What John said. If you're losing fluid in the tank you may need a cylinder rebuilt or have a leaking hose.


----------



## wcord (Jan 23, 2011)

Valve or inner seals on the cylinder.
Hopefully your valve as that's cheaper than a cylinder rebuild.
Since it's only the one cylinder, I think you can rule out dirty oil.
PITA, but don't leave it too long as it will only get worse.


----------



## AK_sparky (Aug 13, 2013)

Can't be a cylinder seal unless one side of it is directly plumbed to the tank, which is unlikely; usually both sides of the cylinder go through the valve.

My bet is a valve issue. I'd guess silting or worn out valve. If it is solenoid valves, I'd make sure the "down" solenoid isn't getting some leaking electrons from somewhere.


----------



## wcord (Jan 23, 2011)

AK_sparky said:


> Can't be a cylinder seal unless one side of it is directly plumbed to the tank, which is unlikely; usually both sides of the cylinder go through the valve.
> 
> My bet is a valve issue. I'd guess silting or worn out valve. If it is solenoid valves, I'd make sure the "down" solenoid isn't getting some leaking electrons from somewhere.

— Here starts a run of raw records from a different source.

(* Let $\mathfrak{A}$ be an atomic weakly associative relation algebra and let $\mathfrak{B}=\langle B,T_\kappa,E_{\kappa\lambda}\rangle_{\kappa,\lambda<3}$ be its suitable structure. Then $\mathfrak{Cm}\,\mathfrak{B}\cong\mathfrak{Rc}\,\mathfrak{B}$, via the map $R$ defined for $X\subseteq B$ by $R(X)=\bigcup_{t\in X}R_t$.
   Context: WA: algebras $\langle A,+,\overline{\phantom{x}},;,\breve{\phantom{x}},1'\rangle$ with $x\cdot y=\overline{\overline{x}+\overline{y}}$, $0'=\overline{1'}$, $1=1'+0'$, $0=\overline{1}$, satisfying for all $x,y,z$: $x+y=y+x$; $x+(y+z)=(x+y)+z$; $\overline{\overline{x}+\overline{y}}+\overline{\overline{x}+y}=x$; $((x\cdot 1');1);1=(x\cdot1');1$; $(x+y);z=x;z+y;z$; $x;1'=x$; $\breve{\breve{x}}=x$; $\breve{(x+y)}=\breve{x}+\breve{y}$; $\breve{(x;y)}=\breve{y};\breve{x}$; $\breve{x};\overline{x;y}+\overline{y}=\overline{y}$. $\mathrm{At}(\mathfrak{A})$ = set of atoms. Suitable structure: $B=\{s\in{}^3\mathrm{At}(\mathfrak{A}): s_2;s_0\ge s_1\}$; $T_\kappa=\{\langle s,t\rangle\in B\times B:s_\kappa=t_\kappa\}$; $E_{\kappa\kappa}=B$; for distinct $\kappa,\lambda$ with third index $\mu$, $E_{\kappa\lambda}=\{s\in B:s_\mu\le1'\}$. Complex algebra: $\mathfrak{Cm}\,\mathfrak{B}=\langle\mathcal{P}(B),\cup,\cap,B\setminus\cdot,\emptyset,B,T_\kappa^*,E_{\kappa\lambda}\rangle_{\kappa,\lambda<3}$ with $T_\kappa^*(X)=\{y\in B:\exists x\in X\ \langle y,x\rangle\in T_\kappa\}$. Trails: a $\mathfrak{B}$-trail is $p=\langle t_0,\kappa_0,\dots,t_n,\kappa_n\rangle$, $n\in\omega$, $t_i\in B$, $\kappa_i<3$, with $t_i\ne t_{i+1}$ and $\langle t_i,t_{i+1}\rangle\in T_{\kappa_i}$ for $i<n$; it ends at $t_n$. $\mathrm{Tr}(\mathfrak{B})$ = set of trails; $p\lambda=\langle t_0,\kappa_0,\dots,t_n,\lambda\rangle$. $\approx$ is the smallest equivalence relation on $\mathrm{Tr}(\mathfrak{B})$ with (for trails of the displayed forms): (a) $\langle t_0,\kappa_0,\dots,t_i,\lambda,s,\lambda,t_i,\kappa_i,\dots,t_n,\kappa_n\rangle\approx\langle t_0,\kappa_0,\dots,t_i,\kappa_i,\dots,t_n,\kappa_n\rangle$; (b) $\langle t_0,\kappa_0,\dots,t_n,\lambda,s,\nu\rangle\approx\langle t_0,\kappa_0,\dots,t_n,\nu\rangle$ if $\lambda\ne\nu$; (c) $\langle t_0,\kappa_0,\dots,t_n,\lambda\rangle\approx\langle t_0,\kappa_0,\dots,t_n,\kappa_n\rangle$ if $t_n\in E_{\lambda\kappa_n}$. $p^{\mathfrak{B}}$ = $\approx$-class of $p$; $U(\mathfrak{B})=\{p^{\mathfrak{B}}:p\in\mathrm{Tr}(\mathfrak{B})\}$; $R_t=\{\langle(p0)^{\mathfrak{B}},(p1)^{\mathfrak{B}},(p2)^{\mathfrak{B}}\rangle:p\in\mathrm{Tr}(\mathfrak{B})\text{ ends at }t\}$; $V(\mathfrak{B})=\bigcup_{t\in B}R_t$. Set algebras: the full 3-dimensional cylindric set algebra on $U$ is $\langle\mathcal{P}({}^3U),\cup,{}^3U\setminus\cdot,C_\kappa,D_{\kappa\lambda}\rangle_{\kappa,\lambda<3}$ with $C_\kappa X=\{v\in{}^3U:\exists u\in X\ \forall\lambda\ne\kappa\ u_\lambda=v_\lambda\}$ and $D_{\kappa\lambda}=\{v\in{}^3U:v_\kappa=v_\lambda\}$. Let $\mathfrak{C}$ be the subalgebra of the full cylindric set algebra on $U(\mathfrak{B})$ completely generated by $\{R_t:t\in B\}$ (closed under arbitrary unions). $\mathfrak{Rc}\,\mathfrak{B}$ is the relativization of $\mathfrak{C}$ to $V=V(\mathfrak{B})$: universe $\{X\in C:X\subseteq V\}$, operations $\cup$, $V\setminus\cdot$, $C^{[V]}_\kappa X=V\cap C_\kappa X$, constants $D^{[V]}_{\kappa\lambda}=V\cap D_{\kappa\lambda}$. *)

theory Defs
  imports Main
begin

record 'a ra_sig =
  wcar   :: "'a set"
  wplus  :: "'a \<Rightarrow> 'a \<Rightarrow> 'a"
  wcompl :: "'a \<Rightarrow> 'a"
  wcomp  :: "'a \<Rightarrow> 'a \<Rightarrow> 'a"
  wconv  :: "'a \<Rightarrow> 'a"
  wid    :: 'a

definition wmeet :: "'a ra_sig \<Rightarrow> 'a \<Rightarrow> 'a \<Rightarrow> 'a" where
  "wmeet A x y = wcompl A (wplus A (wcompl A x) (wcompl A y))"

definition wdiv :: "'a ra_sig \<Rightarrow> 'a" where
  "wdiv A = wcompl A (wid A)"

definition wone :: "'a ra_sig \<Rightarrow> 'a" where
  "wone A = wplus A (wid A) (wdiv A)"

definition wzero :: "'a ra_sig \<Rightarrow> 'a" where
  "wzero A = wcompl A (wone A)"

definition wle :: "'a ra_sig \<Rightarrow> 'a \<Rightarrow> 'a \<Rightarrow> bool" where
  "wle A x y \<longleftrightarrow> wplus A x y = y"

definition WA :: "'a ra_sig \<Rightarrow> bool" where
  "WA A \<longleftrightarrow>
     wid A \<in> wcar A \<and>
     (\<forall>x\<in>wcar A. \<forall>y\<in>wcar A. wplus A x y \<in> wcar A \<and> wcomp A x y \<in> wcar A) \<and>
     (\<forall>x\<in>wcar A. wcompl A x \<in> wcar A \<and> wconv A x \<in> wcar A) \<and>
     (\<forall>x\<in>wcar A. \<forall>y\<in>wcar A. \<forall>z\<in>wcar A.
        wplus A x y = wplus A y x \<and>
        wplus A x (wplus A y z) = wplus A (wplus A x y) z \<and>
        wplus A (wcompl A (wplus A (wcompl A x) (wcompl A y)))
                (wcompl A (wplus A (wcompl A x) y)) = x \<and>
        wcomp A (wcomp A (wmeet A x (wid A)) (wone A)) (wone A)
          = wcomp A (wmeet A x (wid A)) (wone A) \<and>
        wcomp A (wplus A x y) z = wplus A (wcomp A x z) (wcomp A y z) \<and>
        wcomp A x (wid A) = x \<and>
        wconv A (wconv A x) = x \<and>
        wconv A (wplus A x y) = wplus A (wconv A x) (wconv A y) \<and>
        wconv A (wcomp A x y) = wcomp A (wconv A y) (wconv A x) \<and>
        wplus A (wcomp A (wconv A x) (wcompl A (wcomp A x y))) (wcompl A y)
          = wcompl A y)"

definition At :: "'a ra_sig \<Rightarrow> 'a set" where
  "At A = {a \<in> wcar A. a \<noteq> wzero A \<and>
             (\<forall>y\<in>wcar A. wle A y a \<longrightarrow> y = wzero A \<or> y = a)}"

definition atomic :: "'a ra_sig \<Rightarrow> bool" where
  "atomic A \<longleftrightarrow> (\<forall>x\<in>wcar A. x \<noteq> wzero A \<longrightarrow> (\<exists>a\<in>At A. wle A a x))"

text \<open>A 3-sequence \<open>s \<in> ^3X\<close> is represented as a triple; \<open>tr s i\<close> is \<open>s_i\<close>.\<close>

definition tr :: "'b \<times> 'b \<times> 'b \<Rightarrow> nat \<Rightarrow> 'b" where
  "tr s i = (if i = 0 then fst s else if i = 1 then fst (snd s) else snd (snd s))"

type_synonym 'a tri = "'a \<times> 'a \<times> 'a"

definition SB :: "'a ra_sig \<Rightarrow> 'a tri set" where
  "SB A = {s. tr s 0 \<in> At A \<and> tr s 1 \<in> At A \<and> tr s 2 \<in> At A \<and>
              wle A (tr s 1) (wcomp A (tr s 2) (tr s 0))}"

definition ST :: "'a ra_sig \<Rightarrow> nat \<Rightarrow> ('a tri \<times> 'a tri) set" where
  "ST A k = {(s, t). s \<in> SB A \<and> t \<in> SB A \<and> tr s k = tr t k}"

text \<open>For distinct \<open>k, l < 3\<close> the third index is \<open>3 - k - l\<close>.\<close>
definition SE :: "'a ra_sig \<Rightarrow> nat \<Rightarrow> nat \<Rightarrow> 'a tri set" where
  "SE A k l = (if k = l then SB A else {s \<in> SB A. wle A (tr s (3 - k - l)) (wid A)})"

You're probably right about it being the valve body. Forgot that a bucket truck cylinder only has up pressure. I was thinking of cylinders which can pressurize going in and out.


----------



## borisdave (May 23, 2016)

Our boom truck faced same issue. The mechanic:hammer: found some issues with hydraulic pump. He found that sealing is broken and fluid leaks around the ring and pressure pipes. He advised our operator to immediately stop operation of truck under this kind of circumstances. Operating vehicle under such conditions may be dangerous to the people who are working under the truck. So kindly avoid such scenario.It seems that issue is fixed after replacing the faulty sealing and some couplers. 
 I advise you to immediately fix such major issues as fast us possible otherwise it may lead to severe failure or it may risk the life of workers.​


----------



## MikeFL (Apr 16, 2016)

I agree with borisdave in that it's an injury hazard if you operate that truck in a situation where if it begins to lower without notice, injury could happen to anyone around it. You also would not want to operate it above anything you would not want it to crash into.

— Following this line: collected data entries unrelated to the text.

(* Let $\mathbf{V}\in\mathbb{R}^{L\times d}$, let $L=km$ and let $G_1,\dots,G_k$ be a partition of $\{1,\dots,L\}$ into groups of size $m$. Let $M\in\mathbb{R}^{k\times L}$ be given by $M_{g,i}=1/m$ if $i\in G_g$ and $M_{g,i}=0$ otherwise. Put $H=2\mathbf{V}^\top\mathbf{V}$ and $\bar H=2\mathbf{V}^\top M^\top M\mathbf{V}$. Then $\lambda_{\max}(\bar H)\le \lambda_{\max}(H)/m$.
   Context: $\lambda_{\max}$ denotes the largest eigenvalue of a symmetric matrix. *)

theory Defs
  imports "Jordan_Normal_Form.Char_Poly"
begin

definition lambda_max :: "real mat \<Rightarrow> real" where
  "lambda_max A = Max {a. eigenvalue A a}"

definition avg_mat :: "nat \<Rightarrow> nat \<Rightarrow> nat \<Rightarrow> (nat \<Rightarrow> nat set) \<Rightarrow> real mat" where
  "avg_mat k L m G = mat k L (\<lambda>(g, i). if i \<in> G g then 1 / real m else 0)"

end

theory Submission
  imports Defs "Jordan_Normal_Form.Spectral_Radius" "HOL-Analysis.Function_Topology" "HOL-Analysis.Convex"
begin

(* For a Gram matrix, x . (2 B^T B) x = 2 |B x|^2, and by Cauchy-Schwarz on each group the
   averaging matrix shrinks squared norms by the factor m: m |M y|^2 <= |y|^2.  Taking y = V x,
   the Rayleigh quotient of 2 (M V)^T (M V) is pointwise at most 1/m times that of 2 V^T V.
   This passes to the largest eigenvalues because for a real symmetric matrix lambda_max is an
   eigenvalue and bounds the Rayleigh quotient; the latter is shown by maximising the quadratic
   form over the compact unit sphere and reading off the first-order condition at a maximiser. *)

unbundle no inner_syntax

(* Vectors of the variational argument are functions nat \<Rightarrow> real with the product topology,
   in which the unit sphere becomes compact once it is cut down to the cube [-1, 1]^UNIV. *)
definition bilinear_form :: "nat \<Rightarrow> (nat \<Rightarrow> nat \<Rightarrow> real) \<Rightarrow> (nat \<Rightarrow> real) \<Rightarrow> (nat \<Rightarrow> real) \<Rightarrow> real"
  where "bilinear_form d a f g = (\<Sum>i<d. \<Sum>j<d. a i j * f i * g j)"

lemma bilinear_form_scale:
  "bilinear_form d a (\<lambda>i. c * f i) (\<lambda>i. c' * g i) = c * c' * bilinear_form d a f g"
  unfolding bilinear_form_def by (simp add: sum_distrib_left algebra_simps)

lemma compact_unit_sphere_in_cube:
  "compact (Pi UNIV (\<lambda>_. {-1..1::real}) \<inter> {f::nat \<Rightarrow> real. (\<Sum>i<d. (f i)\<^sup>2) = 1})"
proof (rule compact_Int_closed)
  have "compactin (product_topology (\<lambda>_. euclidean) UNIV) (PiE UNIV (\<lambda>_. {-1..1::real}))"
    by (simp add: compactin_PiE)
  then show "compact (Pi UNIV (\<lambda>_. {-1..1::real}))"
    by (simp add: euclidean_product_topology PiE_UNIV_domain)
  show "closed {f::nat\<Rightarrow>real. (\<Sum>i<d. (f i)\<^sup>2) = 1}"
    by (intro closed_Collect_eq continuous_intros continuous_on_product_coordinates)
qed

lemma bilinear_form_attains_max_on_unit_sphere:
  assumes "d > 0"
  obtains u where "(\<Sum>i<d. (u i)\<^sup>2) = 1"
    and "\<And>x. (\<Sum>i<d. (x i)\<^sup>2) = 1 \<Longrightarrow> bilinear_form d a x x \<le> bilinear_form d a u u"
proof -
  let ?K = "Pi UNIV (\<lambda>_. {-1..1::real}) \<inter> {f::nat \<Rightarrow> real. (\<Sum>i<d. (f i)\<^sup>2) = 1}"
  have "(\<lambda>i. if i = 0 then 1 else 0) \<in> ?K"
    using assms by (simp add: power2_eq_square if_distrib[of "\<lambda>x. x * _"] cong: if_cong)
  then have "?K \<noteq> {}" by blast
  moreover have "continuous_on ?K (\<lambda>f. bilinear_form d a f f)"
    unfolding bilinear_form_def
    by (intro continuous_intros continuous_on_product_then_coordinatewise continuous_on_id)
  ultimately have "\<exists>u\<in>?K. \<forall>y\<in>?K. bilinear_form d a y y \<le> bilinear_form d a u u"
    by (rule continuous_attains_sup[OF compact_unit_sphere_in_cube])
  then obtain u where u: "u \<in> ?K" and max: "\<And>y. y \<in> ?K \<Longrightarrow> bilinear_form d a y y \<le> bilinear_form d a u u"
    by blast
  show ?thesis
  proof
    show "(\<Sum>i<d. (u i)\<^sup>2) = 1" using u by auto
    fix x :: "nat \<Rightarrow> real" assume x: "(\<Sum>i<d. (x i)\<^sup>2) = 1"
    define x' where "x' i = (if i < d then x i else 0)" for i
    have "(x i)\<^sup>2 \<le> 1" if "i < d" for i
      using member_le_sum[of i "{..<d}" "\<lambda>i. (x i)\<^sup>2"] that x by simp
    then have "\<bar>x i\<bar> \<le> 1" if "i < d" for i using that abs_square_le_1 by blast
    then have "x' \<in> ?K" using x unfolding x'_def by (auto simp: abs_le_iff)
    moreover have "bilinear_form d a x x = bilinear_form d a x' x'"
      unfolding bilinear_form_def x'_def by simp
    ultimately show "bilinear_form d a x x \<le> bilinear_form d a u u" using max by simp
  qed
qed

lemma bilinear_form_le_max_on_unit_sphere_times_sq_norm:
  assumes u: "(\<Sum>i<d. (u i)\<^sup>2) = 1"
    and max: "\<And>x. (\<Sum>i<d. (x i)\<^sup>2) = 1 \<Longrightarrow> bilinear_form d a x x \<le> bilinear_form d a u u"
  shows "bilinear_form d a x x \<le> bilinear_form d a u u * (\<Sum>i<d. (x i)\<^sup>2)"
proof (cases "\<forall>i<d. x i = 0")
  case True
  then show ?thesis unfolding bilinear_form_def by simp
next
  case False
  then obtain i where "i < d" "x i \<noteq> 0" by blast
  define s where "s = sqrt (\<Sum>i<d. (x i)\<^sup>2)"
  have pos: "(\<Sum>i<d. (x i)\<^sup>2) > 0" using \<open>i < d\<close> \<open>x i \<noteq> 0\<close> by (intro sum_pos2[of "{..<d}" i]) auto
  then have s: "s > 0" "s\<^sup>2 = (\<Sum>i<d. (x i)\<^sup>2)" unfolding s_def by simp_all
  have "(\<Sum>i<d. (x i / s)\<^sup>2) = 1"
    using s pos by (simp add: power_divide flip: sum_divide_distrib)
  then have max_s: "bilinear_form d a (\<lambda>i. x i / s) (\<lambda>i. x i / s) \<le> bilinear_form d a u u"
    by (rule max)
  have "bilinear_form d a x x = s\<^sup>2 * bilinear_form d a (\<lambda>i. x i / s) (\<lambda>i. x i / s)"
    using bilinear_form_scale[of d a s "\<lambda>i. x i / s" s "\<lambda>i. x i / s"] s by (simp add: power2_eq_square)
  also have "\<dots> \<le> s\<^sup>2 * bilinear_form d a u u"
    using max_s by (rule mult_left_mono) simp
  also have "\<dots> = bilinear_form d a u u * (\<Sum>i<d. (x i)\<^sup>2)"
    using s(2) by (simp only: mult.commute)
  finally show ?thesis .
qed

lemma linear_coeff_eq_0_if_quadratic_nonneg:
  fixes a b :: real
  assumes "\<And>t. 0 \<le> t * a + t\<^sup>2 * b"
  shows "a = 0"
proof (rule ccontr)
  assume "a \<noteq> 0"
  define c where "c = \<bar>b\<bar> + 1"
  have c: "c > 0" "\<bar>b\<bar> < c" unfolding c_def by simp_all
  define t where "t = - a / c"
  have "t\<^sup>2 * b \<le> t\<^sup>2 * \<bar>b\<bar>" by (simp add: mult_left_mono)
  also have "\<dots> < t\<^sup>2 * c"
    using \<open>a \<noteq> 0\<close> c unfolding t_def by (intro mult_strict_left_mono) simp_all
  also have "\<dots> = - (t * a)"
    using c unfolding t_def by (simp add: power2_eq_square)
  finally show False using assms[of t] by simp
qed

You need a hydraulic shop in your area. You should be able to Google that and find several. 

Welcome to the forums!


----------



## Southeast Power (Jan 18, 2009)

25 or so years ago I worked for a shop that had a truck like yours.
I would have to start working as far as I could bend over while it leaked then lift back up when I could no longer reach overhead to work.


----------



## MechanicalDVR (Dec 29, 2007)

Leaking seals are pretty common, if there are no visible signs of leakage then a leak inside the pump is suspect. I would have a hydraulic mechanic look at it before it gets worse. I lean towards safety but don't honestly think it is going to blow out and drop the bucket. I have used many rental lifts that would slowly creep down and never got worse before repair.


----------



## joebanana (Dec 21, 2010)

It's probably a 30 cent O-ring, that will cost $300 to replace.


----------



## MechanicalDVR (Dec 29, 2007)

joebanana said:


> It's probably a 30 cent O-ring, that will cost $300 to replace.

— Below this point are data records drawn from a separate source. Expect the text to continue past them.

lemma rectangular_cell_eq_rect:
  assumes "finite L" "\<forall>s\<in>L. axis_segment s" "rectangular_cell L C"
  defines "S \<equiv> bounding_segments L C"
  obtains lo hi where "\<And>b. lo b < hi b" "\<And>b. levels S b = {lo b, hi b}" "C = rect lo hi"
    "\<And>s t b c. s \<in> S \<Longrightarrow> t \<in> S \<Longrightarrow> s \<subseteq> axis_line b c \<Longrightarrow> t \<subseteq> axis_line b c \<Longrightarrow> s = t"
proof -
  have S: "card S = 4" "frontier C \<subseteq> \<Union>S" "\<forall>s\<in>S. axis_segment s"
    using assms(2,3) unfolding S_def rectangular_cell_def bounding_segments_def by auto
  then have "finite S"
    by (metis card.infinite zero_neq_numeral)
  have C: "open C" "bounded C" "C \<noteq> {}"
    using rectangular_cell_open[OF assms(1-3)] rectangular_cell_nonempty[OF assms(3)] assms(3)
    unfolding rectangular_cell_def by auto
  have fin: "finite (levels S b)" for b
    using finite_levels[OF \<open>finite S\<close> S(3)] .
  note around = levels_around_generic_point[OF C(1,2) S(2,3)]
  obtain p0 where p0: "p0 \<in> C" "\<And>a. coord a p0 \<notin> levels S a"
    using exists_generic_point_near(1)[where F = "levels S", OF C(1) _ fin] C(3) by blast
  have "2 \<le> card (levels S b)" for b
  proof -
    obtain c c' where "c \<in> levels S b" "c' \<in> levels S b" "c < c'"
      using around[OF p0, of b] by (meson less_trans)
    then show ?thesis
      using card_mono[OF fin[of b], of "{c, c'}"] by simp
  qed
  note two = two_levels_per_axis[OF \<open>finite S\<close> S(1,3) this]
  define lo where "lo b = Min (levels S b)" for b
  define hi where "hi b = Max (levels S b)" for b
  have lohi: "lo b < hi b \<and> levels S b = {lo b, hi b}" for b
  proof -
    obtain c c' where "levels S b = {c, c'}" "c \<noteq> c'"
      using two(1)[of b] card_2_iff by metis
    then show ?thesis
      unfolding lo_def hi_def by (auto simp: min_def max_def)
  qed
  have generic_in_rect: "q \<in> rect lo hi" if generic: "q \<in> C" "\<And>a. coord a q \<notin> levels S a" for q
  proof -
    have "lo b < coord b q \<and> coord b q < hi b" for b
    proof -
      obtain c c' where "c \<in> levels S b" "c < coord b q" "c' \<in> levels S b" "coord b q < c'"
        using around[OF generic, of b] by blast
      then show ?thesis
        unfolding lo_def hi_def using Min_le[OF fin[of b]] Max_ge[OF fin[of b]]
        by (meson le_less_trans less_le_trans)
    qed
    then show ?thesis
      by (simp add: rect_def)
  qed
  have "C \<subseteq> rect lo hi"
    using open_subset_rect_if_generic_points[OF C(1) fin generic_in_rect] .
  moreover have "rect lo hi \<inter> frontier C = {}"
    using rect_Int_axis_segments_on_sides[OF S(3)] lohi S(2) by blast
  ultimately have "C = rect lo hi"
    using connected_Int_frontier[OF connected_rect, of lo hi C] C(3) by blast
  show thesis
  proof (rule that)
    show "lo b < hi b" "levels S b = {lo b, hi b}" for b
      using lohi by blast+
  qed (fact \<open>C = rect lo hi\<close>, fact two(2))
qed

lemma rectangular_cell_through_three_segments:
  assumes "finite L" "\<forall>s\<in>L. axis_segment s" "rectangular_cell L C"
    and "{s, t, u} \<subseteq> bounding_segments L C" "s \<noteq> t" "s \<noteq> u" "t \<noteq> u"
    and "s \<subseteq> axis_line b c" "t \<subseteq> axis_line b c'" "u \<subseteq> axis_line b' d"
  shows "b' \<noteq> b"
    and "\<exists>lo hi. C = rect lo hi \<and> (\<forall>a. lo a < hi a) \<and> lo b = min c c' \<and> hi b = max c c' \<and>
           (lo b' = d \<or> hi b' = d)"
proof -
  let ?S = "bounding_segments L C"
  obtain lo hi where lohi: "\<And>a. lo a < hi a" "\<And>a. levels ?S a = {lo a, hi a}" "C = rect lo hi"
    and collinear: "\<And>v w a x. v \<in> ?S \<Longrightarrow> w \<in> ?S \<Longrightarrow> v \<subseteq> axis_line a x \<Longrightarrow> w \<subseteq> axis_line a x \<Longrightarrow> v = w"
    using rectangular_cell_eq_rect[OF assms(1-3)] by blast
  have side: "x \<in> {lo a, hi a}" if "v \<in> ?S" "v \<subseteq> axis_line a x" for v a x
  proof -
    have "x \<in> levels ?S a"
      using that unfolding levels_def by blast
    then show ?thesis
      using lohi(2) by blast
  qed
  have "c \<noteq> c'"
    using collinear assms(4,5,8,9) by blast
  then have b_sides: "lo b = min c c'" "hi b = max c c'"
    using side[of s b c] side[of t b c'] assms(4,8,9) lohi(1)[of b] by auto
  show "b' \<noteq> b"
  proof
    assume "b' = b"
    then have "d = c \<or> d = c'"
      using side[of s b c] side[of t b c'] side[of u b' d] assms(4,8-10) \<open>c \<noteq> c'\<close> by auto
    then show False
      using collinear assms(4,6,7,8-10) \<open>b' = b\<close> by blast
  qed
  show "\<exists>lo hi. C = rect lo hi \<and> (\<forall>a. lo a < hi a) \<and> lo b = min c c' \<and> hi b = max c c' \<and>
           (lo b' = d \<or> hi b' = d)"
    using lohi(1,3) b_sides side[of u b' d] assms(4,10) by blast
qed

lemma at_most_two_rectangular_cells_through_parallel:
  assumes "finite L" "\<forall>s\<in>L. axis_segment s"
    and cells: "rectangular_cell L C1" "rectangular_cell L C2" "rectangular_cell L C3"
    and through: "{s, t, u} \<subseteq> bounding_segments L C1" "{s, t, u} \<subseteq> bounding_segments L C2"
      "{s, t, u} \<subseteq> bounding_segments L C3"
    and distinct: "s \<noteq> t" "s \<noteq> u" "t \<noteq> u"
    and lines: "s \<subseteq> axis_line b c" "t \<subseteq> axis_line b c'" "u \<subseteq> axis_line b' d"
  shows "C1 = C2 \<or> C1 = C3 \<or> C2 = C3"
proof -
  note through_cell = rectangular_cell_through_three_segments[OF assms(1,2) _ _ distinct lines]
  have "b' \<noteq> b"
    by (rule through_cell(1)[OF cells(1) through(1)])
  then have axes: "a = b \<or> a = b'" for a
    by (cases a; cases b; cases b') auto
  have meet: "C = C'"
    if "rectangular_cell L C" "rectangular_cell L C'" "C = rect lo hi" "C' = rect lo' hi'"
      "\<forall>a. lo a < hi a" "\<forall>a. lo' a < hi' a" "lo b = lo' b" "hi b = hi' b"
      "lo b' = d \<or> hi b' = d" "lo' b' = d \<or> hi' b' = d" "lo b' = d \<longleftrightarrow> lo' b' = d"
    for C C' lo hi lo' hi'
  proof (rule rectangular_cells_eq_if_meet[OF that(1,2)])
    have "max (lo a) (lo' a) < min (hi a) (hi' a)" for a
      using axes[of a] that(5,6)[rule_format, of a] that(7-11) by (auto simp: max_def min_def)
    then show "C \<inter> C' \<noteq> {}"
      unfolding that(3,4) by (rule rect_Int_nonempty)
  qed
  obtain lo1 hi1 where 1: "C1 = rect lo1 hi1" "\<forall>a. lo1 a < hi1 a" "lo1 b = min c c'"
    "hi1 b = max c c'" "lo1 b' = d \<or> hi1 b' = d"
    using through_cell(2)[OF cells(1) through(1)] by blast
  obtain lo2 hi2 where 2: "C2 = rect lo2 hi2" "\<forall>a. lo2 a < hi2 a" "lo2 b = min c c'"
    "hi2 b = max c c'" "lo2 b' = d \<or> hi2 b' = d"
    using through_cell(2)[OF cells(2) through(2)] by blast
  obtain lo3 hi3 where 3: "C3 = rect lo3 hi3" "\<forall>a. lo3 a < hi3 a" "lo3 b = min c c'"
    "hi3 b = max c c'" "lo3 b' = d \<or> hi3 b' = d"
    using through_cell(2)[OF cells(3) through(3)] by blast
  have "(lo1 b' = d \<longleftrightarrow> lo2 b' = d) \<or> (lo1 b' = d \<longleftrightarrow> lo3 b' = d) \<or> (lo2 b' = d \<longleftrightarrow> lo3 b' = d)"
    by blast
  then show ?thesis
  proof (elim disjE)
    assume "lo1 b' = d \<longleftrightarrow> lo2 b' = d"
    then show ?thesis
      using meet[OF cells(1,2) 1(1) 2(1) 1(2) 2(2) _ _ 1(5) 2(5)] 1(3,4) 2(3,4) by simp
  next
    assume "lo1 b' = d \<longleftrightarrow> lo3 b' = d"
    then show ?thesis
      using meet[OF cells(1,3) 1(1) 3(1) 1(2) 3(2) _ _ 1(5) 3(5)] 1(3,4) 3(3,4) by simp
  next
    assume "lo2 b' = d \<longleftrightarrow> lo3 b' = d"
    then show ?thesis
      using meet[OF cells(2,3) 2(1) 3(1) 2(2) 3(2) _ _ 2(5) 3(5)] 2(3,4) 3(3,4) by simp
  qed
qed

But as a 'man lift' your insurance company wants it to be installed by a certified hydraulic repair facility. If you replace it and the booms falls......


----------



## borisdave (May 23, 2016)

borisdave said:


> Our boom truck faced same issue. The mechanic:hammer: found some issues with hydraulic pump. He found that sealing is broken and fluid leaks around the ring and pressure pipes. He advised our operator to immediately stop operation of truck under this kind of circumstances. Operating vehicle under such conditions may be dangerous to the people who are working under the truck. So kindly avoid such scenario.It seems that issue is fixed after replacing the faulty sealing and some couplers.
> I advise you to immediately fix such major issues as fast us possible otherwise it may lead to severe failure or it may risk the life of workers.​
> 
> 
> ...


I know somebody edited my post and removed the source name of that boom truck image. We can avoid ownership issues just by referring the image to its real owner.:whistling2:


----------



## borisdave (May 23, 2016)

MechanicalDVR said:


> Leaking seals are pretty common, if there are no visible signs of leakage then a leak inside the pump is suspect. I would have a hydraulic mechanic look at it before it gets worse. I lean towards safety but don't honestly think it is going to blow out and drop the bucket. I have used many rental lifts that would slowly creep down and never got worse before repair.


 Accidents are accidents and when it comes to our industry it may be fatal and causing heavy loss to life and money. I believe it’s better to avoid such a scenario.


----------



## Spunk#7 (Nov 30, 2012)

I always use Versalift for for that portion of the truck. They come to my location and correct the problem most of the time in one visit. In my area a number of garages claim to be "Bucket Truck" mechanics,just hasn't worked for me. I found a local "Ford" garage that has the 'Ford' portion of the truck running like new. No "Rube Goldberg" projects for me,especially the bucket truck!


----------



## MikeFL (Apr 16, 2016)

Spunk#7 said:


> I always use Versalift for for that portion of the truck. They come to my location and correct the problem most of the time in one visit. In my area a number of garages claim to be "Bucket Truck" mechanics,just hasn't worked for me. I found a local "Ford" garage that has the 'Ford' portion of the truck running like new. No "Rube Goldberg" projects for me,especially the bucket truck!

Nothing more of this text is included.